lemma skew_measurable: "skew n \<in> borel_measurable borel"
proof -
  define L where "L = degree n + Suc N"
  define c where "c = real p ^ L"
  define \<pi> where "\<pi> = (\<lambda>m. \<lfloor>c * skew n (of_int m / c)\<rfloor>)"
  have skew: "skew n = (\<lambda>u. u + (\<pi> \<lfloor>c * u\<rfloor> - \<lfloor>c * u\<rfloor>) / c)"
    unfolding \<pi>_def c_def by (intro ext skew_piecewise_translation) (simp add: L_def)
  have cell: "(\<lambda>u. \<lfloor>c * u\<rfloor>) \<in> borel \<rightarrow>\<^sub>M count_space UNIV"
    by measurable
  have "(\<lambda>u. (\<lambda>m u. u + (\<pi> m - m) / c) \<lfloor>c * u\<rfloor> u) \<in> borel_measurable borel"
    by (rule measurable_compose_countable[OF _ cell]) simp
  then show ?thesis
    by (simp add: skew)
qed

lemma emeasure_skew_vimage:
  assumes X: "X \<in> sets borel"
  shows "emeasure lborel ({u. skew n u \<in> X} \<inter> {0..<real q}) = emeasure lborel (X \<inter> {0..<real q})"
proof -
  define L where "L = degree n + Suc N"
  define c where "c = real p ^ L"
  define W where "W = {0..<int (p ^ L * q)}"
  have range: "{0..<real q} = {u. \<lfloor>c * u\<rfloor> \<in> W}"
    unfolding c_def W_def using in_range_iff_cell[of _ L] by blast
  define \<pi> where "\<pi> = (\<lambda>m. \<lfloor>c * skew n (of_int m / c)\<rfloor>)"
  have skew: "skew n = (\<lambda>u. u + (\<pi> \<lfloor>c * u\<rfloor> - \<lfloor>c * u\<rfloor>) / c)"
    unfolding \<pi>_def c_def by (intro ext skew_piecewise_translation) (simp add: L_def)
  have bij: "bij_betw \<pi> W W"
    unfolding \<pi>_def c_def W_def by (rule skew_grid_bij)
  have "{u. skew n u \<in> X} \<inter> {0..<real q} = {u. \<lfloor>c * u\<rfloor> \<in> W \<and> u + (\<pi> \<lfloor>c * u\<rfloor> - \<lfloor>c * u\<rfloor>) / c \<in> X}"
    by (auto simp: skew range)
  also have "emeasure lborel \<dots> = emeasure lborel ({u. \<lfloor>c * u\<rfloor> \<in> W} \<inter> X)"
    using p_gt_1 by (intro emeasure_piecewise_translation[OF _ _ bij X]) (simp_all add: c_def W_def)
  finally show ?thesis
    by (simp add: range Int_commute)
qed

lemma prob_space_skew_space: "prob_space skew_space"
  unfolding skew_space_def using q_pos by (intro prob_space_uniform_measure) simp_all

lemma sets_skew_space [simp]: "sets skew_space = sets borel"
  by (simp add: skew_space_def)

lemma space_skew_space [simp]: "space skew_space = UNIV"
  by (simp add: skew_space_def)

lemma emeasure_skew_space:
  "X \<in> sets borel \<Longrightarrow> emeasure skew_space X = emeasure lborel (X \<inter> {0..<real q}) / real q"
  by (simp add: skew_space_def emeasure_uniform_measure Int_commute)

lemma mps_skew_space: "mps skew_space skew"
  unfolding mps_def mp_map_def
proof (intro conjI allI ballI)
  show "prob_space skew_space"
    by (rule prob_space_skew_space)
  fix n
  show "skew n \<in> skew_space \<rightarrow>\<^sub>M skew_space"
    by (subst measurable_cong_sets[OF sets_skew_space sets_skew_space]) (rule skew_measurable)
  fix X assume "X \<in> sets skew_space"
  then have X: "X \<in> sets borel"
    by simp
  have "skew n -` X \<in> sets borel"
    using measurable_sets[OF skew_measurable X] by simp
  then have "emeasure skew_space (skew n -` X \<inter> space skew_space)
      = emeasure lborel ({u. skew n u \<in> X} \<inter> {0..<real q}) / real q"
    by (simp add: emeasure_skew_space vimage_def)
  also have "\<dots> = emeasure skew_space X"
    by (simp add: emeasure_skew_vimage[OF X] emeasure_skew_space[OF X])
  finally show "emeasure skew_space (skew n -` X \<inter> space skew_space) = emeasure skew_space X" .
qed (simp_all add: skew_0 skew_add)

lemma cylinder_eq_floor_cells: "cylinder D = {u. \<lfloor>1 * u\<rfloor> \<in> int ` {k \<in> {0..<q}. e k \<in> D}}"
proof (rule Set.set_eqI)
  fix u :: real
  have "u \<in> cylinder D \<longleftrightarrow> \<lfloor>u\<rfloor> \<in> {0..<int q} \<and> e (nat \<lfloor>u\<rfloor>) \<in> D"
    by (simp only: cylinder_def mem_Collect_eq in_range_iff_floor)
  also have "\<dots> \<longleftrightarrow> \<lfloor>u\<rfloor> \<in> int ` {k \<in> {0..<q}. e k \<in> D}"
    by (auto simp: nat_less_iff intro!: image_eqI[where x = "nat \<lfloor>u\<rfloor>"]) (metis of_nat_0_le_iff zero_le_floor)
  finally show "u \<in> cylinder D \<longleftrightarrow> u \<in> {u. \<lfloor>1 * u\<rfloor> \<in> int ` {k \<in> {0..<q}. e k \<in> D}}"
    by simp
qed

lemma cylinder_sets: "cylinder D \<in> sets borel"
  unfolding cylinder_eq_floor_cells by (rule floor_cells_sets)

lemma measure_skew_space:
  "X \<in> sets borel \<Longrightarrow> measure skew_space X = measure lborel (X \<inter> {0..<real q}) / real q"
  using q_pos by (simp add: skew_space_def Int_commute)

lemma card_cylinder_indices:
  assumes "D \<subseteq> {xs. length xs = Suc N}"
  shows "card (int ` {k \<in> {0..<q}. e k \<in> D}) = card D"
proof -
  have "D \<subseteq> e ` {0..<q}"
    using assms e_bij by (simp add: bij_betw_def)
  then have "e ` {k \<in> {0..<q}. e k \<in> D} = D"
    by blast
  then have "bij_betw e {k \<in> {0..<q}. e k \<in> D} D"
    by (intro bij_betw_subset[OF e_bij]) auto
  then show ?thesis
    by (simp add: card_image bij_betw_same_card)
qed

+ + + + +

▶ WHAT THE TASK ASKS: Transcribe every record verbatim.

▶ WRITTEN ANSWER:
lemma skew_measurable: "skew n \<in> borel_measurable borel"
proof -
  define L where "L = degree n + Suc N"
  define c where "c = real p ^ L"
  define \<pi> where "\<pi> = (\<lambda>m. \<lfloor>c * skew n (of_int m / c)\<rfloor>)"
  have skew: "skew n = (\<lambda>u. u + (\<pi> \<lfloor>c * u\<rfloor> - \<lfloor>c * u\<rfloor>) / c)"
    unfolding \<pi>_def c_def by (intro ext skew_piecewise_translation) (simp add: L_def)
  have cell: "(\<lambda>u. \<lfloor>c * u\<rfloor>) \<in> borel \<rightarrow>\<^sub>M count_space UNIV"
    by measurable
  have "(\<lambda>u. (\<lambda>m u. u + (\<pi> m - m) / c) \<lfloor>c * u\<rfloor> u) \<in> borel_measurable borel"
    by (rule measurable_compose_countable[OF _ cell]) simp
  then show ?thesis
    by (simp add: skew)
qed

lemma emeasure_skew_vimage:
  assumes X: "X \<in> sets borel"
  shows "emeasure lborel ({u. skew n u \<in> X} \<inter> {0..<real q}) = emeasure lborel (X \<inter> {0..<real q})"
proof -
  define L where "L = degree n + Suc N"
  define c where "c = real p ^ L"
  define W where "W = {0..<int (p ^ L * q)}"
  have range: "{0..<real q} = {u. \<lfloor>c * u\<rfloor> \<in> W}"
    unfolding c_def W_def using in_range_iff_cell[of _ L] by blast
  define \<pi> where "\<pi> = (\<lambda>m. \<lfloor>c * skew n (of_int m / c)\<rfloor>)"
  have skew: "skew n = (\<lambda>u. u + (\<pi> \<lfloor>c * u\<rfloor> - \<lfloor>c * u\<rfloor>) / c)"
    unfolding \<pi>_def c_def by (intro ext skew_piecewise_translation) (simp add: L_def)
  have bij: "bij_betw \<pi> W W"
    unfolding \<pi>_def c_def W_def by (rule skew_grid_bij)
  have "{u. skew n u \<in> X} \<inter> {0..<real q} = {u. \<lfloor>c * u\<rfloor> \<in> W \<and> u + (\<pi> \<lfloor>c * u\<rfloor> - \<lfloor>c * u\<rfloor>) / c \<in> X}"
    by (auto simp: skew range)
  also have "emeasure lborel \<dots> = emeasure lborel ({u. \<lfloor>c * u\<rfloor> \<in> W} \<inter> X)"
    using p_gt_1 by (intro emeasure_piecewise_translation[OF _ _ bij X]) (simp_all add: c_def W_def)
  finally show ?thesis
    by (simp add: range Int_commute)
qed

lemma prob_space_skew_space: "prob_space skew_space"
  unfolding skew_space_def using q_pos by (intro prob_space_uniform_measure) simp_all

lemma sets_skew_space [simp]: "sets skew_space = sets borel"
  by (simp add: skew_space_def)

lemma space_skew_space [simp]: "space skew_space = UNIV"
  by (simp add: skew_space_def)

lemma emeasure_skew_space:
  "X \<in> sets borel \<Longrightarrow> emeasure skew_space X = emeasure lborel (X \<inter> {0..<real q}) / real q"
  by (simp add: skew_space_def emeasure_uniform_measure Int_commute)

lemma mps_skew_space: "mps skew_space skew"
  unfolding mps_def mp_map_def
proof (intro conjI allI ballI)
  show "prob_space skew_space"
    by (rule prob_space_skew_space)
  fix n
  show "skew n \<in> skew_space \<rightarrow>\<^sub>M skew_space"
    by (subst measurable_cong_sets[OF sets_skew_space sets_skew_space]) (rule skew_measurable)
  fix X assume "X \<in> sets skew_space"
  then have X: "X \<in> sets borel"
    by simp
  have "skew n -` X \<in> sets borel"
    using measurable_sets[OF skew_measurable X] by simp
  then have "emeasure skew_space (skew n -` X \<inter> space skew_space)
      = emeasure lborel ({u. skew n u \<in> X} \<inter> {0..<real q}) / real q"
    by (simp add: emeasure_skew_space vimage_def)
  also have "\<dots> = emeasure skew_space X"
    by (simp add: emeasure_skew_vimage[OF X] emeasure_skew_space[OF X])
  finally show "emeasure skew_space (skew n -` X \<inter> space skew_space) = emeasure skew_space X" .
qed (simp_all add: skew_0 skew_add)

lemma cylinder_eq_floor_cells: "cylinder D = {u. \<lfloor>1 * u\<rfloor> \<in> int ` {k \<in> {0..<q}. e k \<in> D}}"
proof (rule Set.set_eqI)
  fix u :: real
  have "u \<in> cylinder D \<longleftrightarrow> \<lfloor>u\<rfloor> \<in> {0..<int q} \<and> e (nat \<lfloor>u\<rfloor>) \<in> D"
    by (simp only: cylinder_def mem_Collect_eq in_range_iff_floor)
  also have "\<dots> \<longleftrightarrow> \<lfloor>u\<rfloor> \<in> int ` {k \<in> {0..<q}. e k \<in> D}"
    by (auto simp: nat_less_iff intro!: image_eqI[where x = "nat \<lfloor>u\<rfloor>"]) (metis of_nat_0_le_iff zero_le_floor)
  finally show "u \<in> cylinder D \<longleftrightarrow> u \<in> {u. \<lfloor>1 * u\<rfloor> \<in> int ` {k \<in> {0..<q}. e k \<in> D}}"
    by simp
qed

lemma cylinder_sets: "cylinder D \<in> sets borel"
  unfolding cylinder_eq_floor_cells by (rule floor_cells_sets)

lemma measure_skew_space:
  "X \<in> sets borel \<Longrightarrow> measure skew_space X = measure lborel (X \<inter> {0..<real q}) / real q"
  using q_pos by (simp add: skew_space_def Int_commute)

lemma card_cylinder_indices:
  assumes "D \<subseteq> {xs. length xs = Suc N}"
  shows "card (int ` {k \<in> {0..<q}. e k \<in> D}) = card D"
proof -
  have "D \<subseteq> e ` {0..<q}"
    using assms e_bij by (simp add: bij_betw_def)
  then have "e ` {k \<in> {0..<q}. e k \<in> D} = D"
    by blast
  then have "bij_betw e {k \<in> {0..<q}. e k \<in> D} D"
    by (intro bij_betw_subset[OF e_bij]) auto
  then show ?thesis
    by (simp add: card_image bij_betw_same_card)
qed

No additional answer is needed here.